The other, El Pueblo Vasco, was a conservative-leaning newspaper founded in 1910 which supported the July 1936 coup which led to Franco’s military rebellion, and was later closed by Republican government order.  It was reopened in 1937 when Franco’s troops took Bilbao over.

We’re telling you all this so that you can understand just how much we were taken aback by the fact that this headline about Madonna and her relationship with the Basques over many, many years appeared in this paper.

Let’s not forget that for this publisher, the borders are very clear, and as the former mayor of Madrid, and wife to former Primer Minister Aznar, Ana Botella once said, “you can’t mix pears and apples.”  In this case, that would be “mixing” the “Spaniards” of the Southern Basque Country with the “French” of the Northern Basque Country.  Or so we thought until now.

Madonna’s relationship with the Basques

The article reminds us of the lengthy relationship Madonna has had with the Basques: her time with the Labèque sisters, the extraordinary Basque pianists from Bayonne who have taken Madonna to the their home on the Basque Coast; the singer’s relationship with Kalakan, also from the Northern Basque Country; or her relationship with Bilbao-born model Jon Kortajarena.  We’ve covered all this over the years.

Bayonne, and Biarritz, are the Basque Country

If our readers noticed, of all those cited above, three are from the Northern Basque Country, and only one is from the Basque Autonomous Community, which is what El Correo usually calls “the Basque Country.”  This is quite normal and logical for us, but we were surprised to see this newspaper calling all of them Basque.

Of course it shouldn’t be surprising that the Northern Basque Country should be included in the term “the Basque Country.”  Actually, that term refers to the seven Basque territories, joined together voluntarily as brothers, free and equal.  That is the term that Sabino Arana, the father of the Basque nationalist movement, gave this confederation.
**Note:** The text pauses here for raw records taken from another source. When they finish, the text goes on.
definition C2_holder :: "real \<Rightarrow> real \<Rightarrow> (real \<Rightarrow> real) \<Rightarrow> (real \<Rightarrow> real) \<Rightarrow> (real \<Rightarrow> real) \<Rightarrow> bool" where
  "C2_holder \<gamma> L f f' f'' \<longleftrightarrow>
     (\<forall>x\<in>{0..L}. (f has_real_derivative f' x) (at x within {0..L})) \<and>
     (\<forall>x\<in>{0..L}. (f' has_real_derivative f'' x) (at x within {0..L})) \<and>
     (\<exists>K. \<forall>x\<in>{0..L}. \<forall>y\<in>{0..L}. \<bar>f'' x - f'' y\<bar> \<le> K * \<bar>x - y\<bar> powr \<gamma>)"

definition G :: "real \<Rightarrow> real \<Rightarrow> real \<Rightarrow> (real \<Rightarrow> real \<Rightarrow> real) \<Rightarrow> (real \<Rightarrow> real \<Rightarrow> real) \<Rightarrow> real \<Rightarrow> real \<Rightarrow> real" where
  "G b c L ux m t x = (1/2) * (b + c * integral {0..L} (\<lambda>y. ux t y * m t y) - ux t x)"
text \<open>A facet of the hull of S is the hull of a subset of S, so its affine hull is spanned by
  lattice points.\<close>
lemma lattice_facet_direction:
  fixes P :: "(real^'n) set"
  assumes "lattice_polytope P" "interior P \<noteq> {}" "F facet_of P"
  obtains x0 m where "x0 \<in> F" "lattice_point x0" "lattice_point m" "m \<noteq> 0"
    "\<forall>a b. (\<forall>x\<in>F. a \<bullet> x = b) \<longrightarrow> (\<exists>c. a = c *\<^sub>R m)"
proof -
  obtain S where S: "finite S" "\<forall>x\<in>S. lattice_point x" "P = convex hull S"
    using assms(1) unfolding lattice_polytope_def by blast
  obtain S' where S': "S' \<subseteq> S" "F = convex hull S'"
    using face_of_convex_hull_subset[OF finite_imp_compact[OF S(1)]] assms(3) S(3)
    by (metis facet_of_imp_face_of)
  obtain x0 where "x0 \<in> S'"
    using assms(3) S'(2) unfolding facet_of_def by auto
  have "aff_dim F = int CARD('n) - 1"
    using assms(3) aff_dim_nonempty_interior[OF assms(2)] unfolding facet_of_def by simp
  then have "aff_dim S' = int CARD('n) - 1"
    unfolding S'(2) aff_dim_convex_hull .
  moreover have lat: "\<forall>x\<in>S'. lattice_point x"
    using S'(1) S(2) by blast
  ultimately obtain m where m: "lattice_point m" "m \<noteq> 0"
    and multiple: "\<forall>a b. (\<forall>x\<in>S'. a \<bullet> x = b) \<longrightarrow> (\<exists>c. a = c *\<^sub>R m)"
    using lattice_affine_hyperplane_normal[OF lat \<open>x0 \<in> S'\<close>] by blast
  have "S' \<subseteq> F"
    unfolding S'(2) by (rule hull_subset)
  then have "\<forall>a b. (\<forall>x\<in>F. a \<bullet> x = b) \<longrightarrow> (\<exists>c. a = c *\<^sub>R m)"
    using multiple by blast
  then show ?thesis
    using that[of x0 m] \<open>x0 \<in> S'\<close> \<open>S' \<subseteq> F\<close> lat m by blast
qed

lemma facet_primitive_normal_exists:
  fixes P :: "(real^'n) set"
  assumes "lattice_polytope P" "interior P \<noteq> {}" "F facet_of P"
    and "a \<noteq> 0" "F = P \<inter> {x. a \<bullet> x = b}"
  obtains c where "c > 0" "primitive_vec ((- c) *\<^sub>R a)"
proof -
  obtain x0 m where "x0 \<in> F" "lattice_point x0" and m: "lattice_point m" "m \<noteq> 0"
    and multiple: "\<forall>a b. (\<forall>x\<in>F. a \<bullet> x = b) \<longrightarrow> (\<exists>c. a = c *\<^sub>R m)"
    by (rule lattice_facet_direction[OF assms(1-3)])
  obtain t where t: "a = t *\<^sub>R m"
    using multiple assms(5) by blast
  with assms(4) have "t \<noteq> 0"
    by auto
  define m' where "m' = (- sgn t) *\<^sub>R m"
  have "lattice_point m'" "m' \<noteq> 0"
    using m \<open>t \<noteq> 0\<close> unfolding m'_def lattice_point_def by (auto simp: sgn_if)
  then obtain g where g: "g > 0" "primitive_vec ((1/g) *\<^sub>R m')"
    by (rule lattice_point_primitive_multiple)
  moreover have "(1/g) *\<^sub>R m' = (- (1 / (\<bar>t\<bar> * g))) *\<^sub>R a"
    using \<open>t \<noteq> 0\<close> unfolding m'_def t by (auto simp: sgn_if)
  moreover have "1 / (\<bar>t\<bar> * g) > 0"
    using g \<open>t \<noteq> 0\<close> by simp
  ultimately show ?thesis
    using that by metis
qed
theorem lemma3:
  fixes fs :: "nat \<Rightarrow> 'a::euclidean_space \<Rightarrow> real"
    and g :: "nat \<Rightarrow> 'a \<Rightarrow> 'a"
    and P :: nat and L \<zeta>0 \<theta> \<tau> \<gamma> \<delta> :: real and w0 :: 'a
  assumes grad: "\<And>i w. i \<in> {1..P} \<Longrightarrow> (fs i has_derivative (\<lambda>h. g i w \<bullet> h)) (at w)"
    and grad_cont: "\<And>i. i \<in> {1..P} \<Longrightarrow> continuous_on UNIV (g i)"
    and A1: "\<And>v. compact {w. obj fs P w \<le> obj fs P v}"
    and L_pos: "L > 0"
    and A2: "\<And>i x y. i \<in> {1..P} \<Longrightarrow> norm (g i x - g i y) \<le> L * norm (x - y)"
    and A3_nonneg: "\<And>i w. i \<in> {1..P} \<Longrightarrow> fs i w \<ge> 0"
    and A3_level: "\<And>i v. i \<in> {1..P} \<Longrightarrow> compact {w. fs i w \<le> fs i v}"
    and \<zeta>0_pos: "\<zeta>0 > 0"
    and \<theta>: "0 < \<theta>" "\<theta> < 1"
    and \<tau>: "\<tau> > 0"
    and \<gamma>: "0 < \<gamma>" "\<gamma> < 1"
    and \<delta>: "0 < \<delta>" "\<delta> < 1"
  shows "bounded (range (cma_iter fs g P \<zeta>0 \<theta> \<tau> \<gamma> \<delta> w0))"
proof -
  interpret cma_light_bounded_gradients fs g P L \<zeta>0 \<theta> \<gamma> w0
  proof
    fix i w assume "i \<in> {1..P}"
    then show "(norm (g i w))\<^sup>2 \<le> 2 * L * fs i w"
      using grad A2 A3_nonneg L_pos by (intro lipschitz_gradient_norm_sq_le[where f = "fs i"]) auto
  qed (use A3_nonneg L_pos \<zeta>0_pos \<theta> \<gamma> in auto)
  show ?thesis
    using compact_imp_bounded[OF A1[of w0]] by (intro bounded_range_cma_iter) (simp add: f0_def)
qed

end
(* Let $I$ and $\tilde I$ be closed arcs of $\mathbb{T}$ with dyadic endpoints, and let $\xi\colon I\to\tilde I$ be a map onto $\tilde I$ that is linear in the angular coordinate with slope an integer power of $2$. Then $\xi$ belongs to the pseudo-group $\Upsilon_g$, i.e., there exist $m,n\in\mathbb{N}_0$ with $g^m\circ\xi=g^n$ on $I$.
   Context: $\mathbb{T}$ is the unit circle with angular coordinate $\theta\in\mathbb{R}/\mathbb{Z}$ (points $e^{2\pi i\theta}$); dyadic points are those with $\theta=k/2^j$. $g(z)=z^2$ is the doubling map $\theta\mapsto2\theta$ of $\mathbb{T}$. $\Upsilon_g$ denotes the collection of homeomorphisms $\xi\colon I\to\tilde I$ between arcs of $\mathbb{T}$ of the form $\xi=g^{-m}\circ g^n$ for some $m,n\in\mathbb{N}_0$, meaning that $\xi$ is a continuous lift of $g^n|_I$ under $g^m$, i.e., $g^m\circ\xi=g^n$ on $I$; such maps are linear in $\theta$ with slope $2^{n-m}$. *)

theory Defs
  imports "HOL-Analysis.Analysis"
begin

definition circ :: "real \<Rightarrow> complex" where
  "circ \<theta> = exp (2 * of_real pi * \<i> * of_real \<theta>)"

definition g :: "complex \<Rightarrow> complex" where
  "g z = z ^ 2"

definition dyadic :: "real \<Rightarrow> bool" where
  "dyadic x \<longleftrightarrow> (\<exists>(k::int) (j::nat). x = of_int k / 2 ^ j)"

definition circ_arc :: "real \<Rightarrow> real \<Rightarrow> complex set" where
  "circ_arc a b = circ ` {a..b}"

definition dyadic_closed_arc :: "complex set \<Rightarrow> bool" where
  "dyadic_closed_arc I \<longleftrightarrow>
     (\<exists>a b. dyadic a \<and> dyadic b \<and> a < b \<and> b < a + 1 \<and> I = circ_arc a b)"

end

theory Submission imports Defs begin

text \<open>The image \<xi>(I) is the arc of angles from c to c + 2^k(b - a). Two arcs of angles
  that agree as point sets on the circle, one of them proper, start at congruent angles:
  otherwise the first arc, which starts strictly inside the second one and still reaches its
  initial point, must run over the gap between the end and the start of the proper arc. Hence c is
  dyadic modulo 1, and then large powers of the doubling map absorb all dyadic offsets.\<close>

lemma circ_eq_iff: "circ x = circ y \<longleftrightarrow> (\<exists>n::int. x = y + of_int n)"
proof -
  have "circ x = circ y \<longleftrightarrow>
      (\<exists>n::int. (2 * pi * \<i>) * complex_of_real x = (2 * pi * \<i>) * complex_of_real (y + of_int n))"
    unfolding circ_def exp_eq by (simp add: algebra_simps)
  also have "\<dots> \<longleftrightarrow> (\<exists>n::int. x = y + of_int n)"
    by (simp add: pi_neq_zero del: of_real_add)
  finally show ?thesis .
qed

lemma circ_add: "circ (x + y) = circ x * circ y"
  unfolding circ_def by (simp add: algebra_simps flip: exp_add)

lemma circ_of_int: "circ (of_int n) = 1"
  using circ_eq_iff[of "of_int n" 0] by (simp add: circ_def)

lemma circ_in_image_iff: "circ x \<in> circ ` S \<longleftrightarrow> (\<exists>n::int. x + of_int n \<in> S)"
proof
  assume "circ x \<in> circ ` S"
  then obtain y and n :: int where "y \<in> S" "x = y + of_int n" by (auto simp: circ_eq_iff)
  then have "x + of_int (- n) \<in> S" by simp
  then show "\<exists>n::int. x + of_int n \<in> S" by blast
next
  assume "\<exists>n::int. x + of_int n \<in> S"
  then obtain n :: int where "x + of_int n \<in> S" by blast
  moreover have "circ x = circ (x + of_int n)" by (simp add: circ_add circ_of_int)
  ultimately show "circ x \<in> circ ` S" by blast
qed

lemma funpow_g_circ: "(g ^^ m) (circ x) = circ (2 ^ m * x)"
proof (induction m arbitrary: x)
  case (Suc m)
  have "g (circ y) = circ (2 * y)" for y
    unfolding g_def circ_def by (simp add: power2_eq_square flip: exp_add) (simp add: algebra_simps)
  with Suc show ?case by (simp add: mult.assoc)
qed simp

lemma circ_image_atLeastAtMost_start_cong:
  assumes "c \<le> d" and "a < b" and "b < a + 1"
    and same: "circ ` {c..d} = circ ` {a..b}"
  shows "\<exists>n::int. c = a + of_int n"
proof -
  have "circ c \<in> circ ` {a..b}" using same \<open>c \<le> d\<close> by auto
  then obtain n0 :: int where s: "c + n0 \<in> {a..b}" by (auto simp: circ_in_image_iff)
  have "c + n0 = a"
  proof (rule ccontr)
    assume "c + n0 \<noteq> a"
    with s have start_inside: "a < c + n0" by auto
    have "circ a \<in> circ ` {c..d}" using same \<open>a < b\<close> by auto
    then obtain n1 :: int where n1: "a + n1 \<in> {c..d}" by (auto simp: circ_in_image_iff)
    then have "real_of_int (n0 + n1) > 0" using start_inside by simp
    then have "n0 + n1 \<ge> 1" by linarith
    then have "real_of_int n0 + n1 \<ge> 1" by (simp flip: of_int_add)
    \<comment> \<open>the midpoint of the gap between b and a + 1, which [c, d] now has to cover\<close>
    define p where "p = (a + b + 1) / 2"
    have "p - n0 \<in> {c..d}"
      using s n1 \<open>real_of_int n0 + n1 \<ge> 1\<close> \<open>b < a + 1\<close>
      unfolding p_def by (auto simp: field_simps)
    then have "circ p \<in> circ ` {a..b}"
      using same by (metis circ_in_image_iff diff_conv_add_uminus of_int_minus)
    then obtain n2 :: int where "p + n2 \<in> {a..b}" by (auto simp: circ_in_image_iff)
    then have "- 1 < real_of_int n2" "real_of_int n2 < 0"
      using \<open>a < b\<close> \<open>b < a + 1\<close> by (auto simp: p_def field_simps)
    then have "- 1 < n2" "n2 < 0" by simp_all
    then show False by linarith
  qed
  then show ?thesis by (metis add_diff_cancel_right' diff_conv_add_uminus of_int_minus)
qed

lemma dyadic_add_of_int: "dyadic x \<Longrightarrow> dyadic (x + of_int n)"
proof -
  assume "dyadic x"
  then obtain q :: int and j :: nat where "x = q / 2 ^ j" unfolding dyadic_def by blast
  then have "x + of_int n = of_int (q + n * 2 ^ j) / 2 ^ j" by (simp add: field_simps)
  then show ?thesis unfolding dyadic_def by blast
qed

lemma dyadic_imp_pow2_mult_Ints:
  assumes "dyadic x"
  shows "\<exists>j. \<forall>n\<ge>j. 2 ^ n * x \<in> \<int>"
proof -
  obtain q :: int and j :: nat where x: "x = q / 2 ^ j" using assms unfolding dyadic_def by blast
  have "2 ^ n * x = of_int q * 2 ^ (n - j)" if "j \<le> n" for n
    using that by (simp add: x power_diff)
  then show ?thesis by (metis Ints_mult Ints_of_int Ints_power Ints_numeral)
qed

lemma affine_pow2_slope_in_pseudogroup:
  assumes "dyadic a" and "dyadic c"
  shows "\<exists>m n :: nat. \<forall>t. (g ^^ m) (circ (c + 2 powi k * (t - a))) = (g ^^ n) (circ t)"
proof -
  obtain ja where ja: "\<And>n. n \<ge> ja \<Longrightarrow> 2 ^ n * a \<in> \<int>"
    using dyadic_imp_pow2_mult_Ints[OF \<open>dyadic a\<close>] by blast
  obtain jc where jc: "\<And>n. n \<ge> jc \<Longrightarrow> 2 ^ n * c \<in> \<int>"
    using dyadic_imp_pow2_mult_Ints[OF \<open>dyadic c\<close>] by blast
  define m where "m = ja + jc + nat \<bar>k\<bar>"
  define n where "n = nat (int m + k)"
  have "int n = int m + k" by (simp add: n_def m_def)
  then have slope: "2 ^ m * 2 powi k = (2::real) ^ n"
    by (metis power_int_add power_int_of_nat zero_neq_numeral)
  have "jc \<le> m" "ja \<le> n" by (simp_all add: n_def m_def)
  then obtain u v where u: "2 ^ m * c = of_int u" and v: "2 ^ n * a = of_int v"
    using ja jc by (metis Ints_cases)
  have "(g ^^ m) (circ (c + 2 powi k * (t - a))) = (g ^^ n) (circ t)" for t
  proof -
    have "2 ^ m * (c + 2 powi k * (t - a)) = 2 ^ n * t + of_int (u - v)"
      using slope u v by (simp add: algebra_simps flip: mult.assoc)
    then have "(g ^^ m) (circ (c + 2 powi k * (t - a))) = circ (2 ^ n * t + of_int (u - v))"
      by (simp only: funpow_g_circ)
    also have "\<dots> = (g ^^ n) (circ t)"
      by (simp only: funpow_g_circ circ_add circ_of_int mult_1_right)
    finally show ?thesis .
  qed
  then show ?thesis by blast
qed

theorem lemma5p2:
  fixes I J :: "complex set" and \<xi> :: "complex \<Rightarrow> complex"
    and a b c :: real and k :: int
  assumes "dyadic a" and "dyadic b" and "a < b" and "b < a + 1" and "I = circ_arc a b"
    and "dyadic_closed_arc J"
    and lin: "\<forall>t\<in>{a..b}. \<xi> (circ t) = circ (c + 2 powi k * (t - a))"
    and onto: "\<xi> ` I = J"
  shows "\<exists>m n :: nat. \<forall>z\<in>I. (g ^^ m) (\<xi> z) = (g ^^ n) z"
proof -
  obtain a' b' where "dyadic a'" "a' < b'" "b' < a' + 1" and J: "J = circ_arc a' b'"
    using \<open>dyadic_closed_arc J\<close> unfolding dyadic_closed_arc_def by blast
  have "\<xi> ` I = (\<lambda>t. circ (c + 2 powi k * (t - a))) ` {a..b}"
    unfolding \<open>I = circ_arc a b\<close> circ_arc_def image_image using lin by (intro image_cong) simp_all
  also have "\<dots> = circ ` ((\<lambda>t. 2 powi k * t + (c - 2 powi k * a)) ` {a..b})"
    unfolding image_image by (rule image_cong) (simp_all add: algebra_simps)
  also have "\<dots> = circ ` {c..c + 2 powi k * (b - a)}"
    using \<open>a < b\<close> by (subst image_affinity_atLeastAtMost) (simp add: algebra_simps)
  finally have "circ ` {c..c + 2 powi k * (b - a)} = circ ` {a'..b'}"
    using onto J by (simp add: circ_arc_def)
  moreover have "c \<le> c + 2 powi k * (b - a)" using \<open>a < b\<close> by simp
  ultimately obtain l :: int where "c = a' + l"
    using circ_image_atLeastAtMost_start_cong \<open>a' < b'\<close> \<open>b' < a' + 1\<close> by blast
  then have "dyadic c" using \<open>dyadic a'\<close> dyadic_add_of_int by simp
  then obtain m n where "\<forall>t. (g ^^ m) (circ (c + 2 powi k * (t - a))) = (g ^^ n) (circ t)"
    using affine_pow2_slope_in_pseudogroup[OF \<open>dyadic a\<close>] by blast
  then show ?thesis
    using lin unfolding \<open>I = circ_arc a b\<close> circ_arc_def by auto
qed

end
It’s a term that has never excluded the part north of the Pyrenees, as is proven in the documentary that was filmed in 1936 — in 3-D! — under the name “Euskadi” which we spoke about at that time.

Like we said, miracles exist.  And we just witnessed one.

But what contributed to getting this newspaper to use the term “the Basque Country” and include the Northern Basque Country?

Madonna again fills her tours with the Basque language

This would have been our article’s title if it hadn’t been for the headline in El Correo.  This is because her new world tour, the Celebration Tour, just about half an hour into the show, starts playing the intro to her megahit “Like a Prayer,” but it includes a very special version of the traditional Basque song “Birjina gaztetto bat zegoen.”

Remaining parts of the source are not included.